A good, good heart indeed!  : )

Tuesday, January 29, 2013

Kansas City Trip

Somehow I've gotten behind on blogging!
Since we weren't able to see Kyle's family at Christmas, we went up for a visit a couple of weekends ago.

I still haven't posted pictures yet!  
So, here goes. 

We went to the zoo, which oddly enough, was the most beautiful spring-like day right in the middle of January!

We decided to treat it like a mini-photoshoot so I could get some more practice in.  
It was fun!!

These are the kind of shots you can get when you use the concrete sidewalk as a reflector.
  Even with the cap on, there are no shadows hiding his eyes! : )  


As soon as Maddie saw the carousel, there was no way she was passing it by!  

There were lots of little spots for good portraits along the way...
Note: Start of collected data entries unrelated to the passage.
text \<open>The equation q z / p z = c with c \<noteq> 0 has at most one solution among the points
  compatible with any fixed real e: it pins down the value of the pole sum, which is injective
  there.\<close>

lemma interlacing_ratio_injective:
  fixes p q :: "real poly" and pr qr :: "nat \<Rightarrow> real" and e :: real and z w c :: complex
  assumes k: "k \<ge> 2"
    and degp: "degree p = k" and degq: "degree q = k - 1"
    and pr_mono: "\<And>i j. 1 \<le> i \<Longrightarrow> i < j \<Longrightarrow> j \<le> k \<Longrightarrow> pr i < pr j"
    and qr_mono: "\<And>i j. 1 \<le> i \<Longrightarrow> i < j \<Longrightarrow> j \<le> k - 1 \<Longrightarrow> qr i < qr j"
    and p_roots: "{z. poly (map_poly complex_of_real p) z = 0} = complex_of_real ` pr ` {1..k}"
    and q_roots: "{z. poly (map_poly complex_of_real q) z = 0} = complex_of_real ` qr ` {1..k-1}"
    and interlace: "\<And>j. 1 \<le> j \<Longrightarrow> j \<le> k - 1 \<Longrightarrow> pr j < qr j \<and> qr j < pr (j + 1)"
    and z: "pole_compatible e pr {1..k} z" and w: "pole_compatible e pr {1..k} w"
    and c: "c \<noteq> 0"
    and sol_z: "poly (map_poly complex_of_real q) z / poly (map_poly complex_of_real p) z = c"
    and sol_w: "poly (map_poly complex_of_real q) w / poly (map_poly complex_of_real p) w = c"
  shows "z = w"
proof -
  define G where "G = pole_sum (interlacing_weight pr qr k) pr {1..k}"
  define scale where "scale = lead_coeff q / lead_coeff p"
  have inj_p: "inj_on pr {1..k}" and inj_q: "inj_on qr {1..k-1}"
    by (rule strict_mono_on_imp_inj_on, rule strict_mono_onI, use pr_mono qr_mono in auto)+
  have "p \<noteq> 0" "q \<noteq> 0" using degp degq k by auto
  then have "scale \<noteq> 0" by (simp add: scale_def)
  have "c = of_real scale * G x"
    if "poly (map_poly complex_of_real q) x / poly (map_poly complex_of_real p) x = c" for x
  proof -
    have "poly (map_poly complex_of_real p) x \<noteq> 0" using that c by auto
    then show ?thesis
      unfolding that[symmetric] G_def scale_def using k p_roots q_roots
      by (intro ratio_as_pole_sum[OF _ degp degq inj_p inj_q]) auto
  qed
  then have "G z = G w" using sol_z sol_w \<open>scale \<noteq> 0\<close> by (metis mult_cancel_left of_real_eq_0_iff)
  obtain i0 where i0: "i0 \<in> {1..k}" "pr i0 \<noteq> e"
  proof (cases "pr 1 = e")
    case True
    then show ?thesis using that[of k] pr_mono[of 1 k] k by auto
  next
    case False
    then show ?thesis using that[of 1] k by auto
  qed
  have "\<And>i. i \<in> {1..k} \<Longrightarrow> 0 < interlacing_weight pr qr k i"
    by (rule interlacing_weight_pos[of k pr qr, OF pr_mono interlace])
  from pole_sum_injective[OF _ this i0 z w] \<open>G z = G w\<close> show "z = w"
    unfolding G_def by simp
qed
I just love the backlighting on these shots!!

Still practicing reflections...


Play time with daddy while walking to the elephants!

Gotta stop for a snack...


and finally, picture with Grandma and Grandpa!

Tuesday, January 22, 2013

Silent Grief


A lot of people have asked how I'm doing since the miscarriage.  
Sometimes, I honestly don't know.  

When it first happened, I just wanted to quickly close the chapter and move on.  
But... Grief has a way of letting its presence be known.  

I learned this wasn't something that could be shoved down and forgotten.  

I know nothing about long-suffering.
I'm one of those people its easy to hate because everything always works out for me.  
I live with sunshine, rainbow-filled days overflowing with optimism and oozing joy. 

Grief is new.
Grief is foreign.

I feel it expanding my understanding and stretching my humanity. 

It's not the type of grief that threatens to take over.
It's more of a silent grief that shows up in the single, solitary tear that falls when I'm alone.  

I'm learning through the wise mentoring of several ladies from my Ladies Bible Study group that grief is something that stays with you always, changing who we are and how we see the world.  

I don't need to understand why.
I do need to embrace the grieving process and learn as much as I can along the way.  

Thank you for all of the wise counsel and prayers!  
I may consider this a silent grief, but it helps to know through your connection and prayer, I'm not alone.

And I have found so much healing there.